__Task statement__. Every line that holds the word "obtain" needs to be copied from the data below.

Saved entries:
◇ ◇ ◇ ◇ ◇ ◇ ◇

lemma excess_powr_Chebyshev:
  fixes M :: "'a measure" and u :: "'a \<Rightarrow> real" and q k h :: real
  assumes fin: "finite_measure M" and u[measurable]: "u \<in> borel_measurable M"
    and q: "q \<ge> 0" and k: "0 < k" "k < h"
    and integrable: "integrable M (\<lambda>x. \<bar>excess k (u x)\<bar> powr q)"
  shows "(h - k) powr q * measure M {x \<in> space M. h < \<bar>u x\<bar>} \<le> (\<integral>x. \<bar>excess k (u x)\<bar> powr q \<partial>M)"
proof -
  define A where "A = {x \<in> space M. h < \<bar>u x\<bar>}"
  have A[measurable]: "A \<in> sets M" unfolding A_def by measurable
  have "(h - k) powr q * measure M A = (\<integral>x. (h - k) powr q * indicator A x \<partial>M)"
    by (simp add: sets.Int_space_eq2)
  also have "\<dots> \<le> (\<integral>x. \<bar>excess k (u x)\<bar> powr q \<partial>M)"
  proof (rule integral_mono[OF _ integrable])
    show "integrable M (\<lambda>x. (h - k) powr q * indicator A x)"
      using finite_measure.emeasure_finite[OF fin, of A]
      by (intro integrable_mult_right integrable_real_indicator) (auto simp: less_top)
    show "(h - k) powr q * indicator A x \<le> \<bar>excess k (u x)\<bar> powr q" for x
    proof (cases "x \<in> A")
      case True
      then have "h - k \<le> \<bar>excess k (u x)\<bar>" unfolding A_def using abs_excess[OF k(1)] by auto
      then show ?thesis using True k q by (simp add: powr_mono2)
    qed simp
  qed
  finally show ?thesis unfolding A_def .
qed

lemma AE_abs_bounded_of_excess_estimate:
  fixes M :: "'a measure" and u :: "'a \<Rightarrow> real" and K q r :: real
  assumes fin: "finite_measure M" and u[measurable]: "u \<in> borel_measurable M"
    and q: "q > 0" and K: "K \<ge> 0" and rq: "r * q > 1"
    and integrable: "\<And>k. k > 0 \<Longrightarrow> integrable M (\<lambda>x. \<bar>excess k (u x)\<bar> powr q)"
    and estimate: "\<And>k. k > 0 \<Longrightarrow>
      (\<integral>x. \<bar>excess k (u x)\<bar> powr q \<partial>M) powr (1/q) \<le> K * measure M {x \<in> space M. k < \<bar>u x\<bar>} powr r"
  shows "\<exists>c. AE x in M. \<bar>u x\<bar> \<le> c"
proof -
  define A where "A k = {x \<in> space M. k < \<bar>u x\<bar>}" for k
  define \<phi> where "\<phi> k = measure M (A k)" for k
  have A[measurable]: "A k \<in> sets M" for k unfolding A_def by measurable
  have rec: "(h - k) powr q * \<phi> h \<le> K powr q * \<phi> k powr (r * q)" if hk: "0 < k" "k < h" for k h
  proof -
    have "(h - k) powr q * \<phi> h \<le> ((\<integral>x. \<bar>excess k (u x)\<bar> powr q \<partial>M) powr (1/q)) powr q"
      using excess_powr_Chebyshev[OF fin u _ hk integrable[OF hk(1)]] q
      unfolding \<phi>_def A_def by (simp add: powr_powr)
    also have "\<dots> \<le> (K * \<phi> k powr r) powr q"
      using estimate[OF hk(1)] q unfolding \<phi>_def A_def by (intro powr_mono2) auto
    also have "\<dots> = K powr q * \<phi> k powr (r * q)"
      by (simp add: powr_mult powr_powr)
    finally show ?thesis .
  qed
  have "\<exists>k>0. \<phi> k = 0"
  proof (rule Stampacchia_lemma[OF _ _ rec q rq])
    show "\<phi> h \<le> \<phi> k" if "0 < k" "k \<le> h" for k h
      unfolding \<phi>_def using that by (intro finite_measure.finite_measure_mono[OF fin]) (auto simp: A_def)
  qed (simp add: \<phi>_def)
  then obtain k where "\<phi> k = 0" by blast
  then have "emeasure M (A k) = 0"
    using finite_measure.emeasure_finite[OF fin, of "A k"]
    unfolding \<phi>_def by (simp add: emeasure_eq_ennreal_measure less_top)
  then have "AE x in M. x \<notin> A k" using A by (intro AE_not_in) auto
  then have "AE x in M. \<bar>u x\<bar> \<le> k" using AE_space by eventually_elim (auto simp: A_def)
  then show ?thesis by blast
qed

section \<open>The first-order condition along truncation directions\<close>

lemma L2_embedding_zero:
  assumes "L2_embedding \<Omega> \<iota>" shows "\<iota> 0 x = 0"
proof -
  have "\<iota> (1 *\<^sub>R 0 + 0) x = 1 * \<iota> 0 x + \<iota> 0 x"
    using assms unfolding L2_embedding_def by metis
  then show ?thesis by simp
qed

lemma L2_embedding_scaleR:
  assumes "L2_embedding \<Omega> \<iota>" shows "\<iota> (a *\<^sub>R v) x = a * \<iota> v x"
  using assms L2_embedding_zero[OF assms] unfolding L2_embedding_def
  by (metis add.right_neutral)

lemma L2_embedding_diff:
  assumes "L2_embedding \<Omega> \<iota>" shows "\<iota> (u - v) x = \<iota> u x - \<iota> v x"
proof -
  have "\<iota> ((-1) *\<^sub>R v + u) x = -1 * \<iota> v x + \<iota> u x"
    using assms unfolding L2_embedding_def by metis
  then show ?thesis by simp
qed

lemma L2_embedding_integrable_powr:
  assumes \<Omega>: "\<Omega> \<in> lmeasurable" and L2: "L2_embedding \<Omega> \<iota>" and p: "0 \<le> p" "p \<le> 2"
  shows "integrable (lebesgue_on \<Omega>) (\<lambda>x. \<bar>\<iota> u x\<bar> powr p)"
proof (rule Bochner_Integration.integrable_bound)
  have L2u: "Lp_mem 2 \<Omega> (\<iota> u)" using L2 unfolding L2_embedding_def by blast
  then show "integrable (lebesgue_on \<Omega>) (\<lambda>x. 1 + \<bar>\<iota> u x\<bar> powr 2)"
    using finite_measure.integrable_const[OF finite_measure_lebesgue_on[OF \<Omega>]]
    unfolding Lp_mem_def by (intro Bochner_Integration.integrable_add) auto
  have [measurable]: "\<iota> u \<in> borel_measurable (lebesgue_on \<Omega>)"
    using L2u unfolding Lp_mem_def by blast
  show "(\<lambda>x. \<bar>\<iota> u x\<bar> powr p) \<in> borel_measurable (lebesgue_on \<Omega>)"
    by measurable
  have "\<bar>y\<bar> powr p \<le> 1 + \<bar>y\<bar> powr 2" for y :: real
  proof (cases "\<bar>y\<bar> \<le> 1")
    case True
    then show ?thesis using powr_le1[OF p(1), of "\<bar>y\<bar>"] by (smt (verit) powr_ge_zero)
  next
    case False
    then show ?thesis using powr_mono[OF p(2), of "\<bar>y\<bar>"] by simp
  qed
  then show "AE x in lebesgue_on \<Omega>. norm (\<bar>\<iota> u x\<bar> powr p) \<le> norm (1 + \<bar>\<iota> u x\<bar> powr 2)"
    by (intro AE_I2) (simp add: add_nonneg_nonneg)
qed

◇ ◇ ◇ ◇ ◇ ◇ ◇

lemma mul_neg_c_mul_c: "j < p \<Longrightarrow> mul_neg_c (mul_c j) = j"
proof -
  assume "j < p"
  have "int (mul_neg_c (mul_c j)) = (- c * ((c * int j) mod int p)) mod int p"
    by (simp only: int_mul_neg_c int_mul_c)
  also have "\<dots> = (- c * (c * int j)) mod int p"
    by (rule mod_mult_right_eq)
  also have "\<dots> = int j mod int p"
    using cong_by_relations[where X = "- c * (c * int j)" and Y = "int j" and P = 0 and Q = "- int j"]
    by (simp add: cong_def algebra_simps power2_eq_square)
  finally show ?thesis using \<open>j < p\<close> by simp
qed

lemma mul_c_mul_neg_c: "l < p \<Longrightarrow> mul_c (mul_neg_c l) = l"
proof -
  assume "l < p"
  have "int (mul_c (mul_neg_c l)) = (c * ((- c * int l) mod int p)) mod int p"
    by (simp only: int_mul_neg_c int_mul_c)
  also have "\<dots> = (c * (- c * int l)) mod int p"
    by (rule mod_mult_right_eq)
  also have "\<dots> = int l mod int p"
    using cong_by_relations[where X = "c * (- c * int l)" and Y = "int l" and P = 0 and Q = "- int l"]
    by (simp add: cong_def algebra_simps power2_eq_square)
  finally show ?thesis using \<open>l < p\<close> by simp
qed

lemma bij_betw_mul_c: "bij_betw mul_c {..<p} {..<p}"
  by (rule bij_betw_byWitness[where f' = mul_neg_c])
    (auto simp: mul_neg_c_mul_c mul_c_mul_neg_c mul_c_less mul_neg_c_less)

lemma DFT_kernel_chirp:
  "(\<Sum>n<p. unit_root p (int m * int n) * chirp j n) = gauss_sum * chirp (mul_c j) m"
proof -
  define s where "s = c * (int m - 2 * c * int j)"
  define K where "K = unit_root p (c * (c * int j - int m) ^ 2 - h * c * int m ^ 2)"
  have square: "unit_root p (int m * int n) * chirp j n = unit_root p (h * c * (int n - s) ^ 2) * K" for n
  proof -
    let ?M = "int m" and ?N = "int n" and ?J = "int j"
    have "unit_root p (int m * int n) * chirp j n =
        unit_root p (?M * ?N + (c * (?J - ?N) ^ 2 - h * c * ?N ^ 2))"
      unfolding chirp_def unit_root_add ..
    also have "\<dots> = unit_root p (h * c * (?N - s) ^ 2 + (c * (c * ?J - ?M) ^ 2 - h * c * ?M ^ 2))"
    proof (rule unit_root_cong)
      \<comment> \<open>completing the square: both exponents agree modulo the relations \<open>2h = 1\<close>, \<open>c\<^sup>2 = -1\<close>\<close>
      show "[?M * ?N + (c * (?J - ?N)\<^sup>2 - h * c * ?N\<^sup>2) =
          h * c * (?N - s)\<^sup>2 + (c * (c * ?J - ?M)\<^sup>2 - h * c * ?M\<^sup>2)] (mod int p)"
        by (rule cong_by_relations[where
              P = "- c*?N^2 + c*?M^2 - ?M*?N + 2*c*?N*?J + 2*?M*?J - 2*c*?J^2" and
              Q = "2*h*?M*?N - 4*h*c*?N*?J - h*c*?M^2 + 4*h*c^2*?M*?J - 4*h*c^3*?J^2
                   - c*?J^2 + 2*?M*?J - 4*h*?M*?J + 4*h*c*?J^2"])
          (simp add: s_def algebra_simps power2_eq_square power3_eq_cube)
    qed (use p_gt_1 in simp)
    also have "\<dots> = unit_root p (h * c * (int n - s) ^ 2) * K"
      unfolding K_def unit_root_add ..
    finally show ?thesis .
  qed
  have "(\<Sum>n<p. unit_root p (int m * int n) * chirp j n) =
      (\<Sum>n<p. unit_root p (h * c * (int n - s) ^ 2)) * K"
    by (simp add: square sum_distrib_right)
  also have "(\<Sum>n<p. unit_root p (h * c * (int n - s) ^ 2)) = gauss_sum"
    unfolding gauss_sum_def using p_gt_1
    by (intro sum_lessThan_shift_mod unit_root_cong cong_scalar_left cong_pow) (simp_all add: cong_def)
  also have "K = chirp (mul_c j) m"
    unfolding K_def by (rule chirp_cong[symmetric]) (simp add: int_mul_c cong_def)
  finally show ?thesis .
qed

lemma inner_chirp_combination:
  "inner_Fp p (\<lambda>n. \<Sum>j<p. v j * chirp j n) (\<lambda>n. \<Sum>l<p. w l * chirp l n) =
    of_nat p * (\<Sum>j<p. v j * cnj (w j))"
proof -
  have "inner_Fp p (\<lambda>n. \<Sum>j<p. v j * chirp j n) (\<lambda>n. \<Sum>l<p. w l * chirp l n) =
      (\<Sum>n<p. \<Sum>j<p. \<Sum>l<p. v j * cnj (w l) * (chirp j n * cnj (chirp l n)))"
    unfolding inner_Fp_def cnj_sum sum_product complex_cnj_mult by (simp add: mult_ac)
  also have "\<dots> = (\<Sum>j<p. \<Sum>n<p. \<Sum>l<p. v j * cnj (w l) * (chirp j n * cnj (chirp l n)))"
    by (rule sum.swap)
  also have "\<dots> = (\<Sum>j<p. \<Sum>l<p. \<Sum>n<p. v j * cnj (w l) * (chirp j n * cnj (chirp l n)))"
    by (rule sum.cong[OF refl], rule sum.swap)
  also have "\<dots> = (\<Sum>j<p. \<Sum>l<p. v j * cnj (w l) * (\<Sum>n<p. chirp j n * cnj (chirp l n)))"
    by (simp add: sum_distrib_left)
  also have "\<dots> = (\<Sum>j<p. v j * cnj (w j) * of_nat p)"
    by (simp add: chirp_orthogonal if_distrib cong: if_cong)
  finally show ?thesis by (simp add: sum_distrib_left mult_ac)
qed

◇ ◇ ◇ ◇ ◇ ◇ ◇

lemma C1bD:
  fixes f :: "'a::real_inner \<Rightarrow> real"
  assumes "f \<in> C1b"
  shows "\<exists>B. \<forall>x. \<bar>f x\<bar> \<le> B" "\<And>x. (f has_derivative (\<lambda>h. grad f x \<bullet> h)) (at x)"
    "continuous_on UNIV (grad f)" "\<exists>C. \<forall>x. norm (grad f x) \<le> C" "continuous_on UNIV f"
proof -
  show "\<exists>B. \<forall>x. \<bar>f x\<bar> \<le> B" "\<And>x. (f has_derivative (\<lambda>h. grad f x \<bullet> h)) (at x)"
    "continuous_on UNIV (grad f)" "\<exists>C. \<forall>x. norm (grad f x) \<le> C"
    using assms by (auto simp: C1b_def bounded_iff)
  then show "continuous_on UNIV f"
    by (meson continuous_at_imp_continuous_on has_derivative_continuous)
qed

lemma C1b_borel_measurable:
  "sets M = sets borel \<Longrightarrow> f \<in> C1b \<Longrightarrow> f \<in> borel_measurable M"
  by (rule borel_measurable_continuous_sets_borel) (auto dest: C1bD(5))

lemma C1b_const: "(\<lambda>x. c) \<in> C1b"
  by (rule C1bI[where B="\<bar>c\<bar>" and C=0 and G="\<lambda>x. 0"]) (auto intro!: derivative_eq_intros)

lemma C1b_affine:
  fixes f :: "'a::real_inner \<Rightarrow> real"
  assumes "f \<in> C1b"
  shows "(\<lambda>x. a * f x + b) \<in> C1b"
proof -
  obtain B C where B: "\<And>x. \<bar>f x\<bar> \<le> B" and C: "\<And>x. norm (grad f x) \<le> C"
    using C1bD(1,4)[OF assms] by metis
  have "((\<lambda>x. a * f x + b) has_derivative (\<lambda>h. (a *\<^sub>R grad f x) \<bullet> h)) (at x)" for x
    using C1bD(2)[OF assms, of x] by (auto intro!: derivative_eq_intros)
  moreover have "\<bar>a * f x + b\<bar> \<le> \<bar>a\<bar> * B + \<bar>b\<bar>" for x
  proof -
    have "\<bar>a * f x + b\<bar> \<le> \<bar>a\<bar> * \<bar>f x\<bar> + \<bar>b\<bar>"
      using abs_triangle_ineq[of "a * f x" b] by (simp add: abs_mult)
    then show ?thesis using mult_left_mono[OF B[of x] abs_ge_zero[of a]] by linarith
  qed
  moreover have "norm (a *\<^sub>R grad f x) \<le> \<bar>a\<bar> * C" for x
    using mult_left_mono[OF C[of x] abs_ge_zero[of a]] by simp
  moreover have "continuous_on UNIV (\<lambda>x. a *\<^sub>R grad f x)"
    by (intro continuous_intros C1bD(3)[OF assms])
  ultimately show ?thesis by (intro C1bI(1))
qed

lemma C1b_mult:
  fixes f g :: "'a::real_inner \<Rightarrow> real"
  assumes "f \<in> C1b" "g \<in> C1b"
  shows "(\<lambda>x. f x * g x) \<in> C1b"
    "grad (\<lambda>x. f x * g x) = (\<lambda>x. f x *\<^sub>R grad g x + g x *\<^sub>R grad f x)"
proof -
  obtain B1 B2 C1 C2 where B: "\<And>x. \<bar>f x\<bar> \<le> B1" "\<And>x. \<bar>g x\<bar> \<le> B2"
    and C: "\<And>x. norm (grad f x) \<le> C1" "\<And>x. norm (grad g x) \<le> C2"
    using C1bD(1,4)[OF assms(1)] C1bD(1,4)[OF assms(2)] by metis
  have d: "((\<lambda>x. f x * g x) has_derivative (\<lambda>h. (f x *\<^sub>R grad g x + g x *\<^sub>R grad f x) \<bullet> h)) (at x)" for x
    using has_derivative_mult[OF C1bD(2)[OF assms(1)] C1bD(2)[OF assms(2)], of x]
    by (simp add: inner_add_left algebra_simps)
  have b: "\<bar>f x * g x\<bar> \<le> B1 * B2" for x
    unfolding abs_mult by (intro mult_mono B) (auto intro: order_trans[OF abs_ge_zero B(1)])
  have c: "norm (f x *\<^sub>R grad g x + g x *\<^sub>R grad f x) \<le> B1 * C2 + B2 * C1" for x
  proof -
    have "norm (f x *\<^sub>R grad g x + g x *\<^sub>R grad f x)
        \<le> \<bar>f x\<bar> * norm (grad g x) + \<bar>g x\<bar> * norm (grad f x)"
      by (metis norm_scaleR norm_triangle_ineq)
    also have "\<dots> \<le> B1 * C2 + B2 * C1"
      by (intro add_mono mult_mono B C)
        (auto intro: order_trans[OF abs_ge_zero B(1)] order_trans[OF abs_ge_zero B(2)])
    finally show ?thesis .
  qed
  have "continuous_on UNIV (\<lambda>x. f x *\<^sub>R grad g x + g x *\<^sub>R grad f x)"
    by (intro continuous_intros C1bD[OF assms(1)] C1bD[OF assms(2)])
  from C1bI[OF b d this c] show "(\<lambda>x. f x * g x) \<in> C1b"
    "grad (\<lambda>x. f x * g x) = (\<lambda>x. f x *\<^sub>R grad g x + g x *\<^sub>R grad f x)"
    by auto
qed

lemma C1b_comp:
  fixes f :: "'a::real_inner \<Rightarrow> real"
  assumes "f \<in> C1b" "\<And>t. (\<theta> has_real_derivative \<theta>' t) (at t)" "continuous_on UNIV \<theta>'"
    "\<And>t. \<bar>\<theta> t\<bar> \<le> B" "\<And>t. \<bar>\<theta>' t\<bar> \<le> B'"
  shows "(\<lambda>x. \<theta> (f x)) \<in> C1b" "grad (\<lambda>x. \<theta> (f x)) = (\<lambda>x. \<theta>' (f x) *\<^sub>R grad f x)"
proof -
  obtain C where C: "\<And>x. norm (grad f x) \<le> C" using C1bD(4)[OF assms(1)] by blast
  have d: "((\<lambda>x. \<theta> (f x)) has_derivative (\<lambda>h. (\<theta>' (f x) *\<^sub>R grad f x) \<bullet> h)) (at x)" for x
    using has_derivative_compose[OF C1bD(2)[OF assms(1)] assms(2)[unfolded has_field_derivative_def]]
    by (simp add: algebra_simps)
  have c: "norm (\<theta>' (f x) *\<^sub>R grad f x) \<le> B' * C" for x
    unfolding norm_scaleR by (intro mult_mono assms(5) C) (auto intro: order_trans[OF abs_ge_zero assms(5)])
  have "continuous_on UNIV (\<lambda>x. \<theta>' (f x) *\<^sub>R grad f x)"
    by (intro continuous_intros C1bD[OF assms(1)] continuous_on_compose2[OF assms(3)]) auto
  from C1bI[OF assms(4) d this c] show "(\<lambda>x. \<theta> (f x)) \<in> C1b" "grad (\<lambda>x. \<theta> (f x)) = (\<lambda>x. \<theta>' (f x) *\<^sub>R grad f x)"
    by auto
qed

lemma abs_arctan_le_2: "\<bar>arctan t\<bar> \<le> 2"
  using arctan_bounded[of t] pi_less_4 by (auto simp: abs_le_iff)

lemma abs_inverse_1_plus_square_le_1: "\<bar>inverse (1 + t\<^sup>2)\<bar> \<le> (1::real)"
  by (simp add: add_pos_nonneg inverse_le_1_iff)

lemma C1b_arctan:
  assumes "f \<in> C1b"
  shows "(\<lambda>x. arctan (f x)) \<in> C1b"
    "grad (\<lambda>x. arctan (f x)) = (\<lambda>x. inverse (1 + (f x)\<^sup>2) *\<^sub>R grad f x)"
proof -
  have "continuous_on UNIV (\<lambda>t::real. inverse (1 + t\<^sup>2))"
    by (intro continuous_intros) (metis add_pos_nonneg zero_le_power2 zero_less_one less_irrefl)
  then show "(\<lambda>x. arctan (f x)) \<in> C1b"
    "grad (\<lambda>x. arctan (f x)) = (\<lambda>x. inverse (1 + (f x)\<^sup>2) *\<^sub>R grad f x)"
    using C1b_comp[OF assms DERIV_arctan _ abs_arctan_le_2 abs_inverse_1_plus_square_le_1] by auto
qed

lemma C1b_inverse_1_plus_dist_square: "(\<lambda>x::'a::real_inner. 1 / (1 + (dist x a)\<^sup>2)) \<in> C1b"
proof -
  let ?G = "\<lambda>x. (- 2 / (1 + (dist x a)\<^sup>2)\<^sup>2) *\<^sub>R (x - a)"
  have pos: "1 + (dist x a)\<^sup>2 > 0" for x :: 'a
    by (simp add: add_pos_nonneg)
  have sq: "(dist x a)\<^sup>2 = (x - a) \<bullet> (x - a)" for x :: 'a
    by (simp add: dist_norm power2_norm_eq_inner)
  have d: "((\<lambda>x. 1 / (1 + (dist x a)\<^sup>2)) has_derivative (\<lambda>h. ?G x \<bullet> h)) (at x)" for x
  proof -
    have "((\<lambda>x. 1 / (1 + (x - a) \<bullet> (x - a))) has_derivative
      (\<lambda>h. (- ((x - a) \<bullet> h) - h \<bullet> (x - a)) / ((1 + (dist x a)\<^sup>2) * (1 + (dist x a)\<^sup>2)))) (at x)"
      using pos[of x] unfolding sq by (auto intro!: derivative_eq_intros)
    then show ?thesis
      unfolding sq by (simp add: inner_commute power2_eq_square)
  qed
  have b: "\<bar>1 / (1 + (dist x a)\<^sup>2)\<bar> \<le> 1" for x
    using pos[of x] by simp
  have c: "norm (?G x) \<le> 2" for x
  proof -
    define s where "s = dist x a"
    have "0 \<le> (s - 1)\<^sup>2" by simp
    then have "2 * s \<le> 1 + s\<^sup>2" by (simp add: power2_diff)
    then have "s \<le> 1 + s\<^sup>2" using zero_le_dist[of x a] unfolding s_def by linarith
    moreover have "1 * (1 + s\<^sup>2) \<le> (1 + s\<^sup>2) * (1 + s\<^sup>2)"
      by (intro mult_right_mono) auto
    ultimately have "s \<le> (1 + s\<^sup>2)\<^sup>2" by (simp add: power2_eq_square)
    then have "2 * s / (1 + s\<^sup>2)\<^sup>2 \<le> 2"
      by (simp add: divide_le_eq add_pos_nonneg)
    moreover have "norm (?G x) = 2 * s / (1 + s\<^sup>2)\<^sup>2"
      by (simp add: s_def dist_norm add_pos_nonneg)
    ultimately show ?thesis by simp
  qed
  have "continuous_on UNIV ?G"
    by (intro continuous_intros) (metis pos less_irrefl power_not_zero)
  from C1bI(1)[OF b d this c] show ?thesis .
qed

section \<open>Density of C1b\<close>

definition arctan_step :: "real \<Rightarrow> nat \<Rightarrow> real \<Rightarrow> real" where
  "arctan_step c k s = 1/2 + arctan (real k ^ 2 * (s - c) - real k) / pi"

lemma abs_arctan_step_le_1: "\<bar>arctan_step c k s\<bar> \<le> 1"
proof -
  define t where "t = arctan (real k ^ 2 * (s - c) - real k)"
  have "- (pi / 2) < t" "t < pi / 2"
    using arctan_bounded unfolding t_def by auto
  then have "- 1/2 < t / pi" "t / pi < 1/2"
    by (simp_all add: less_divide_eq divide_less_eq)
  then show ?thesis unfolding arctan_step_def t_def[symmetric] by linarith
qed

◇ ◇ ◇ ◇ ◇ ◇ ◇

__Answer to this exercise__.
  then obtain k where "\<phi> k = 0" by blast
  obtain B C where B: "\<And>x. \<bar>f x\<bar> \<le> B" and C: "\<And>x. norm (grad f x) \<le> C"
  obtain B1 B2 C1 C2 where B: "\<And>x. \<bar>f x\<bar> \<le> B1" "\<And>x. \<bar>g x\<bar> \<le> B2"
  obtain C where C: "\<And>x. norm (grad f x) \<le> C" using C1bD(4)[OF assms(1)] by blast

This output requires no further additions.